Exercise material START

(* The equations for the coordinates (a,b) of a control on a singular arc with
   p = sigma S + tau Q: the control lies in C, H(p,u) = 0 and p x u is orthogonal to Z. *)
definition singular_coeffs :: "real \<Rightarrow> real \<Rightarrow> real \<Rightarrow> real \<Rightarrow> real \<Rightarrow> real \<Rightarrow> bool" where
  "singular_coeffs \<sigma> \<tau> \<kappa> c a b \<longleftrightarrow>
     \<bar>a\<bar> + \<bar>b\<bar> = 1 \<and> \<sigma> * a + \<tau> * b = \<bar>a\<bar> + \<kappa> * \<bar>b\<bar> \<and> \<sigma> * (b + a * c) = \<tau> * (a + b * c)"

lemma singular_coeffs_neg:
  "singular_coeffs (- \<sigma>) (- \<tau>) \<kappa> c a b \<longleftrightarrow> singular_coeffs \<sigma> \<tau> \<kappa> c (- a) (- b)"
  unfolding singular_coeffs_def by (simp add: algebra_simps)

lemma singular_coeffs_Wp:
  fixes a b c \<kappa> \<sigma> :: real
  defines "D \<equiv> 1 + \<kappa> * c + \<kappa> + c"
  assumes c: "0 \<le> c" and k: "0 \<le> \<kappa>" and sign: "\<sigma> = 1 \<or> \<sigma> = -1"
    and coeffs: "singular_coeffs \<sigma> (- \<sigma> * \<kappa>) \<kappa> c a b"
  shows "a = \<sigma> / D * (1 + \<kappa> * c) \<and> b = - (\<sigma> / D * (\<kappa> + c))"
proof -
  have kc: "0 \<le> \<kappa> * c" using k c by simp
  have D: "D > 0" unfolding D_def using kc k c by linarith
  have base: "a = (1 + \<kappa> * c) / D \<and> b = - ((\<kappa> + c) / D)"
    if "singular_coeffs 1 (- \<kappa>) \<kappa> c a b" for a b
  proof -
    have ab: "\<bar>a\<bar> + \<bar>b\<bar> = 1" and ham: "a - \<kappa> * b = \<bar>a\<bar> + \<kappa> * \<bar>b\<bar>"
      and cr: "b * (1 + \<kappa> * c) = - a * (\<kappa> + c)"
      using that unfolding singular_coeffs_def by (auto simp: algebra_simps)
    have "- (\<kappa> * b) \<le> \<kappa> * \<bar>b\<bar>" using mult_left_mono[of "- b" "\<bar>b\<bar>" \<kappa>] k by simp
    then have a0: "0 \<le> a" using ham by linarith
    then have "b * (1 + \<kappa> * c) \<le> 0" using cr k c by simp
    then have "b \<le> 0" using kc by (simp add: mult_le_0_iff)
    then have b: "b = a - 1" using ab a0 by linarith
    have "a * D = 1 + \<kappa> * c + ((a - 1) * (1 + \<kappa> * c) + a * (\<kappa> + c))"
      unfolding D_def by (simp add: algebra_simps)
    also have "\<dots> = 1 + \<kappa> * c" using cr b by simp
    finally have "a * D = 1 + \<kappa> * c" .
    then have "a = (1 + \<kappa> * c) / D" using D by (simp add: field_simps)
    with b D show ?thesis unfolding D_def by (simp add: field_simps)
  qed
  from sign show ?thesis
  proof
    assume "\<sigma> = 1"
    with coeffs base show ?thesis by simp
  next
    assume s: "\<sigma> = -1"
    with coeffs have "singular_coeffs 1 (- \<kappa>) \<kappa> c (- a) (- b)"
      using singular_coeffs_neg[of 1 "- \<kappa>"] by simp
    with base[of "- a" "- b"] s show ?thesis by simp
  qed
qed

Exercise material END

◆ Exercise prompt
Out of the material above, output word for word the line with "c) \<and> b", the line with "(- \<kappa>) \<kappa> c a", and all lines between them, with nothing else.

◆ Your solution
  shows "a = \<sigma> / D * (1 + \<kappa> * c) \<and> b = - (\<sigma> / D * (\<kappa> + c))"
proof -
  have kc: "0 \<le> \<kappa> * c" using k c by simp
  have D: "D > 0" unfolding D_def using kc k c by linarith
  have base: "a = (1 + \<kappa> * c) / D \<and> b = - ((\<kappa> + c) / D)"
    if "singular_coeffs 1 (- \<kappa>) \<kappa> c a b" for a b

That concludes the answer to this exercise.